Saved data entries:
==========
lemma fs_linear_augmentation_fst: "fs_linear augmentation_fst" unfolding augmentation_fst_def by (rule fs_linear_linext)

lemma augmentation_fst_tens: "u \<in> finsupp \<Longrightarrow> v \<in> finsupp \<Longrightarrow> augmentation_fst (tens u v) = fscale (augmentation u) v"
proof -
  assume u: "u \<in> finsupp" and v: "v \<in> finsupp"
  have "augmentation_fst (tens u v) = linext (\<lambda>x. augmentation_fst (linext (\<lambda>y. delta (x, y)) v)) u"
    unfolding tens_as_linext[OF u v] augmentation_fst_def by (rule linext_linext[OF u]) (use v in \<open>auto intro!: linext_finsupp\<close>)
  also have "\<dots> = linext (\<lambda>x. v) u"
    unfolding augmentation_fst_def by (intro linext_fun_cong, subst linext_linext[OF v]) (auto simp: linext_expand[OF v])
  also have "\<dots> = fscale (augmentation u) v"
    by (simp add: linext_def augmentation_eq_sum fun_eq_iff fscale_apply sum_distrib_right)
  finally show ?thesis .
qed

lemma comulG_as_linext: "u \<in> finsupp \<Longrightarrow> comulG u = linext (\<lambda>x. delta (x, x)) u"
proof (rule ext, clarify)
  fix a b assume u: "u \<in> finsupp"
  have "linext (\<lambda>x. delta (x, x)) u (a, b) = (\<Sum>x\<in>supp u. if x = a then (if a = b then u x else 0) else 0)"
    unfolding linext_def by (intro sum.cong refl) (auto simp: delta_def)
  also have "\<dots> = (if a \<in> supp u then (if a = b then u a else 0) else 0)"
    using u by (simp add: finsupp_iff sum.delta)
  also have "\<dots> = comulG u (a, b)" by (auto simp: comulG_def)
  finally show "comulG u (a, b) = linext (\<lambda>x. delta (x, x)) u (a, b)" by simp
qed

lemma augmentation_fst_comulG: "u \<in> finsupp \<Longrightarrow> augmentation_fst (comulG u) = u"
  unfolding comulG_as_linext augmentation_fst_def by (subst linext_linext) (auto simp: linext_expand)

definition fix_snd_degree :: "'c \<Rightarrow> ('a \<times> ('c \<times> 'b) \<Rightarrow> 'k) \<Rightarrow> ('a \<times> 'b \<Rightarrow> 'k)" where
  "fix_snd_degree m Y = (\<lambda>(a, h). Y (a, (m, h)))"

lemma fix_snd_degree_tens: "fix_snd_degree m (tens u v) = tens u (\<lambda>h. v (m, h))"
  by (rule ext, clarify) (simp add: fix_snd_degree_def tens_apply)

lemma supp_fix_snd_degree: "supp (fix_snd_degree m Y) \<subseteq> (\<lambda>(a, b). (a, snd b)) ` supp Y"
  by (auto simp: fix_snd_degree_def supp_def image_iff split: prod.splits)

lemma finsupp_fix_snd_degree: "Y \<in> finsupp \<Longrightarrow> fix_snd_degree m Y \<in> finsupp"
  unfolding finsupp_iff by (rule finite_subset[OF supp_fix_snd_degree]) simp

lemma fs_linear_fix_snd_degree: "fs_linear (fix_snd_degree m :: ('a \<times> ('c \<times> 'b) \<Rightarrow> 'k::field) \<Rightarrow> _)"
  unfolding fs_linear_def by (auto simp: fix_snd_degree_def fun_eq_iff plus_fun_apply fscale_apply)

lemma fs_linear_comp: "fs_linear L1 \<Longrightarrow> fs_linear L2 \<Longrightarrow> (\<And>u. u \<in> finsupp \<Longrightarrow> L2 u \<in> finsupp) \<Longrightarrow> fs_linear (\<lambda>u. L1 (L2 u))"
  unfolding fs_linear_def by auto

lemma supp_contract_snd:
  assumes f: "Vector_Spaces.linear fscale (*) f"
  shows "supp (contract_snd f w) \<subseteq> fst ` supp w"
proof
  fix g assume g: "g \<in> supp (contract_snd f w)"
  show "g \<in> fst ` supp w"
  proof (rule ccontr)
    assume "g \<notin> fst ` supp w"
    then have "(\<lambda>h. w (g, h)) = 0" by (force simp: fun_eq_iff zero_fun_def image_iff)
    then have "contract_snd f w g = 0" using f unfolding contract_snd_def linear_iff by (metis fun_vs.scale_zero_left mult_zero_left)
    then show False using g by simp
  qed
qed

lemma finsupp_contract_snd: "Vector_Spaces.linear fscale (*) f \<Longrightarrow> w \<in> finsupp \<Longrightarrow> contract_snd f w \<in> finsupp"
  unfolding finsupp_iff by (rule finite_subset[OF supp_contract_snd]) auto

lemma slice_diff: "slice (x - y) n = slice x n - slice y n"
  by (simp add: slice_def fun_eq_iff minus_apply)


lemma slice2_finsupp: "y \<in> finsupp \<Longrightarrow> slice2 y p q \<in> finsupp"
proof -
  assume y: "y \<in> finsupp"
  have "supp (slice2 y p q) \<subseteq> (\<lambda>((a, b), (c, d)). (b, d)) ` supp y"
    by (auto simp: slice2_def supp_def image_iff split: prod.splits) force
  then show ?thesis using y unfolding finsupp_iff by (meson finite_imageI finite_subset)
qed

lemma comulG_zero[simp]: "comulG 0 = 0"
  by (simp add: comulG_def fun_eq_iff zero_fun_def)

lemma augmentation_diff: "u \<in> finsupp \<Longrightarrow> v \<in> finsupp \<Longrightarrow> augmentation (u - v) = augmentation u - augmentation v"
proof -
  assume u: "u \<in> finsupp" and v: "v \<in> finsupp"
  have "augmentation u = augmentation ((u - v) + v)" by simp
  also have "\<dots> = augmentation (u - v) + augmentation v" using u v by (intro augmentation_add) auto
  finally show ?thesis by simp
qed

lemma grRep_finsupp: "x \<in> grRep F \<Longrightarrow> x \<in> finsupp" by (simp add: grRep_def finsupp_iff)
==========
▶ **What is required**
Your reply should be nothing but the lines from the one containing "fix g assume" through the last line above, copied exactly; please include both ends.

▶ **The answer**
  fix g assume g: "g \<in> supp (contract_snd f w)"
  show "g \<in> fst ` supp w"
  proof (rule ccontr)
    assume "g \<notin> fst ` supp w"
    then have "(\<lambda>h. w (g, h)) = 0" by (force simp: fun_eq_iff zero_fun_def image_iff)
    then have "contract_snd f w g = 0" using f unfolding contract_snd_def linear_iff by (metis fun_vs.scale_zero_left mult_zero_left)
    then show False using g by simp
  qed
qed

lemma finsupp_contract_snd: "Vector_Spaces.linear fscale (*) f \<Longrightarrow> w \<in> finsupp \<Longrightarrow> contract_snd f w \<in> finsupp"
  unfolding finsupp_iff by (rule finite_subset[OF supp_contract_snd]) auto

lemma slice_diff: "slice (x - y) n = slice x n - slice y n"
  by (simp add: slice_def fun_eq_iff minus_apply)


lemma slice2_finsupp: "y \<in> finsupp \<Longrightarrow> slice2 y p q \<in> finsupp"
proof -
  assume y: "y \<in> finsupp"
  have "supp (slice2 y p q) \<subseteq> (\<lambda>((a, b), (c, d)). (b, d)) ` supp y"
    by (auto simp: slice2_def supp_def image_iff split: prod.splits) force
  then show ?thesis using y unfolding finsupp_iff by (meson finite_imageI finite_subset)
qed

lemma comulG_zero[simp]: "comulG 0 = 0"
  by (simp add: comulG_def fun_eq_iff zero_fun_def)

lemma augmentation_diff: "u \<in> finsupp \<Longrightarrow> v \<in> finsupp \<Longrightarrow> augmentation (u - v) = augmentation u - augmentation v"
proof -
  assume u: "u \<in> finsupp" and v: "v \<in> finsupp"
  have "augmentation u = augmentation ((u - v) + v)" by simp
  also have "\<dots> = augmentation (u - v) + augmentation v" using u v by (intro augmentation_add) auto
  finally show ?thesis by simp
qed

lemma grRep_finsupp: "x \<in> grRep F \<Longrightarrow> x \<in> finsupp" by (simp add: grRep_def finsupp_iff)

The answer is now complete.